Sibarita en crisis

Hace poco, caí en una profunda crisis. "No conozco ningún bar de por aquí", me dijo el culpable, refiriéndose a su lugar de trabajo. "Prefiero coger el coche a entrar en un guarro". El cometario me hizo pensar. A mí, que soy sibarita -o debería serlo, ya que escribo de gastronomía-, las cañas que se sirven al lado de mi oficina me saben a gloria. Disfruto lo mismo descubriendo cualquier plato de Mario Sandoval o de Dani García que con las patatas bravas de ese bar de mi barrio.

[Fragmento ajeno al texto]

theorem corollary4:
  fixes M :: "'w measure"
    and ctx :: "nat \<Rightarrow> 'w \<Rightarrow> real^'d^'k"          \<comment> \<open>context X_t = (X_{t,i})_i\<close>
    and p :: "real^'d^'k \<Rightarrow> ennreal"                 \<comment> \<open>joint density on R^{Kd}\<close>
    and eps :: "nat \<Rightarrow> 'k \<Rightarrow> 'w \<Rightarrow> real"           \<comment> \<open>noises eps_{t,i}\<close>
    and sig :: real
    and mu mu' m :: "real \<Rightarrow> real" and kappa0 kappa1 :: real
    and bstar :: "real^'d" and xmax phi0 nu CX lam0 :: real
    and a :: "nat \<Rightarrow> 'w \<Rightarrow> 'k"                       \<comment> \<open>chosen arms\<close>
    and bhat :: "nat \<Rightarrow> 'w \<Rightarrow> real^'d"               \<comment> \<open>Lasso estimates\<close>
    and beta1 :: "real^'d"                            \<comment> \<open>initial estimate\<close>
  defines "K \<equiv> CARD('k)" and "d \<equiv> CARD('d)"
    and "S0 \<equiv> {j. bstar $ j \<noteq> 0}" and "s0 \<equiv> card {j. bstar $ j \<noteq> 0}"
    and "X \<equiv> chosen ctx a" and "Y \<equiv> reward mu bstar ctx eps a"
    and "F \<equiv> filt M mu bstar ctx eps a"
    and "Sig0 \<equiv> (\<chi> j l. (1 / real CARD('k)) *
                   (\<Sum>i\<in>UNIV. integral\<^sup>L M (\<lambda>w. ctx 1 w $ i $ j * ctx 1 w $ i $ l)))"
    and "C1 \<equiv> min (1/2) (phi0^2 / (256 * real (card {j. bstar $ j \<noteq> 0}) * nu * CX * xmax^2))"
  assumes prob: "prob_space M"
    and K3: "CARD('k) \<ge> 3"
    \<comment> \<open>contexts i.i.d. over t with joint density p\<close>
    and ctx_dens: "\<And>t. distributed M lborel (ctx t) p"
    and ctx_indep: "prob_space.indep_vars M (\<lambda>_. borel) ctx UNIV"
    \<comment> \<open>noises: independent, zero conditional mean, sigma-sub-Gaussian\<close>
    and eps_meas: "\<And>t i. eps t i \<in> borel_measurable M"
    and eps_indep: "prob_space.indep_vars M (\<lambda>_. borel) (\<lambda>(t,i). eps t i) UNIV"
    and eps_mean: "\<And>t i. AE w in M. real_cond_exp M (noise_info M ctx eps t) (eps t i) w = 0"
    and eps_subg: "\<And>t i l. integrable M (\<lambda>w. exp (l * eps t i w)) \<and>
         (AE w in M. real_cond_exp M (noise_info M ctx eps t) (\<lambda>w. exp (l * eps t i w)) w
                      \<le> exp (l^2 * sig^2 / 2))"
    \<comment> \<open>link function\<close>
    and mu_deriv: "\<And>x. (mu has_real_derivative mu' x) (at x)"
    and kappa: "\<And>x. kappa0 \<le> mu' x \<and> mu' x \<le> kappa1" and kappa0_pos: "0 < kappa0"
    and m_deriv: "\<And>x. (m has_real_derivative mu x) (at x)"
    \<comment> \<open>bounded features\<close>
    and xmax: "\<And>t i w. w \<in> space M \<Longrightarrow> norm (ctx t w $ i) \<le> xmax"
    \<comment> \<open>compatibility condition\<close>
    and phi0_pos: "phi0^2 > 0"
    and compat: "\<And>b. l1_on (- S0) b \<le> 3 * l1_on S0 b \<Longrightarrow>
                      phi0^2 * (l1_on S0 b)^2 \<le> real s0 * (b \<bullet> (Sig0 *v b))"
    \<comment> \<open>relaxed symmetry\<close>
    and symm: "\<And>x. p (- x) \<le> ennreal nu * p x"
    \<comment> \<open>balanced covariance\<close>
    and CX_pos: "0 < CX"
    and balanced: "\<And>\<pi> k b. bij_betw \<pi> {1..CARD('k)} (UNIV :: 'k set) \<Longrightarrow> 2 \<le> k \<Longrightarrow> k \<le> CARD('k) - 1 \<Longrightarrow>
        psd_le
          (mexp M (\<lambda>w. (if \<forall>r\<in>{1..<CARD('k)}. ctx 1 w $ \<pi> r \<bullet> b < ctx 1 w $ \<pi> (r+1) \<bullet> b
                         then outer (ctx 1 w $ \<pi> k) else 0)))
          (CX *\<^sub>R mexp M (\<lambda>w. (if \<forall>r\<in>{1..<CARD('k)}. ctx 1 w $ \<pi> r \<bullet> b < ctx 1 w $ \<pi> (r+1) \<bullet> b
                         then outer (ctx 1 w $ \<pi> 1) + outer (ctx 1 w $ \<pi> CARD('k)) else 0)))"
    \<comment> \<open>SA Lasso Bandit (measurable realisation of argmax / argmin)\<close>
    and a_meas: "\<And>t. a t \<in> measurable M (count_space UNIV)"
    and bhat_meas: "\<And>t. bhat t \<in> borel_measurable M"
    and bhat1: "\<And>w. w \<in> space M \<Longrightarrow> bhat 1 w = beta1"
    and a_argmax: "\<And>t w i. 1 \<le> t \<Longrightarrow> w \<in> space M \<Longrightarrow> ctx t w $ i \<bullet> bhat t w \<le> ctx t w $ a t w \<bullet> bhat t w"
    and bhat_argmin: "\<And>t w b. 1 \<le> t \<Longrightarrow> w \<in> space M \<Longrightarrow>
        lasso_obj m (lam_t lam0 CARD('d) t) (\<lambda>\<tau>. X \<tau> w) (\<lambda>\<tau>. Y \<tau> w) t (bhat (t+1) w)
        \<le> lasso_obj m (lam_t lam0 CARD('d) t) (\<lambda>\<tau>. X \<tau> w) (\<lambda>\<tau>. Y \<tau> w) t b"
  shows "\<forall>t::nat. real t \<ge> 2 * ln (2 * real d ^ 2) / C1^2 \<longrightarrow>
           measure M {w \<in> space M. maxnorm (adapted_gram M F X t w - emp_gram X t w)
                                    \<ge> phi0^2 / (32 * real s0 * nu * CX)}
           \<le> exp (- (real t * C1^2 / 2))"
proof -
  interpret prob_space M by (rule prob)
  have ctx_meas: "ctx t \<in> borel_measurable M" for t
    using distributed_measurable[OF ctx_dens[of t]] by (simp add: measurable_cong_sets[OF refl sets_lborel])
  have mu_cont: "continuous_on UNIV mu"
    using DERIV_isCont[OF mu_deriv] by (intro continuous_at_imp_continuous_on) simp
  define C1' where "C1' = phi0\<^sup>2 / (256 * real s0 * nu * CX * xmax\<^sup>2)"
  have "0 \<le> nu"
    by (rule density_reflection_bound_nonneg[OF prob ctx_dens symm])
  then have "0 \<le> C1'"
    unfolding C1'_def using CX_pos by simp
  show ?thesis
  proof (cases "C1 = 0")
    case True
    then show ?thesis by simp
  next
    case False
    then have C1: "0 < C1" "C1 \<le> 1/2" "C1 \<le> C1'"
      using \<open>0 \<le> C1'\<close> unfolding C1_def C1'_def s0_def by auto
    then have "256 * real s0 * nu * CX * xmax\<^sup>2 \<noteq> 0"
      unfolding C1'_def by (metis div_by_0 order.strict_trans2 less_irrefl)
    moreover obtain w where "w \<in> space M"
      using not_empty by blast
    then have "0 \<le> xmax"
      using xmax norm_ge_zero order_trans by blast
    ultimately have "0 < xmax" and threshold: "phi0\<^sup>2 / (32 * real s0 * nu * CX) = 8 * xmax\<^sup>2 * C1'"
      unfolding C1'_def by (auto simp: field_simps)
    then show ?thesis
      unfolding threshold d_def X_def F_def
      using chosen_gram_deviation_tail_le[where ctx = ctx and a = a and eps = eps and mu = mu,
          OF ctx_meas a_meas eps_meas mu_cont prob xmax _ C1]
      by blast
  qed
qed

end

Para mí, el caviar del Mar Caspio y los huevos fritos con puntillas empatan como manjares. Y estoy convencida de que mi madre y mi abuela, a partes iguales, son las mejores cocineras del mundo. ¿Qué clase de amante de lo selecto se supone que soy? ...y otro: un huevo frito con puntilla y patatas. Afortunadamente, el desasosiego duró poco. Coincidí con un importante experto en gastronomía en Príncipe de Viana, uno de los restaurantes imprescindibles de Madrid. Y me explicó que en esto del comer bien hay varias reglas sagradas y tácitas. Una de ellas dice que lo que le guste al comensal va a misa. No importa si se pide un albariño con un chuletón. Es lo que le gusta y punto. Otra se fija en la importancia que se le concede a los platos de toda la vida.

Lo tradicional está volviendo con fuerza a los fogones, y no sólo porque permita ahorrar costes a un restaurador. La tercera de estas normas pasa por un profundo respeto a lo que se cocina en cada hogar. "Claudia Schiffer está muy bien, pero a mí la que me gusta de verdad es mi mujer", sentenció el experto. Así que no tenga ningún reparo en hablar de ese restaurante pequeño y modesto donde, para usted, sirven el mejor cocido. O en asegurar que las cañas mejor tiradas son las de ese bar de su barrio. Seguirá siendo tan sibarita como el que más.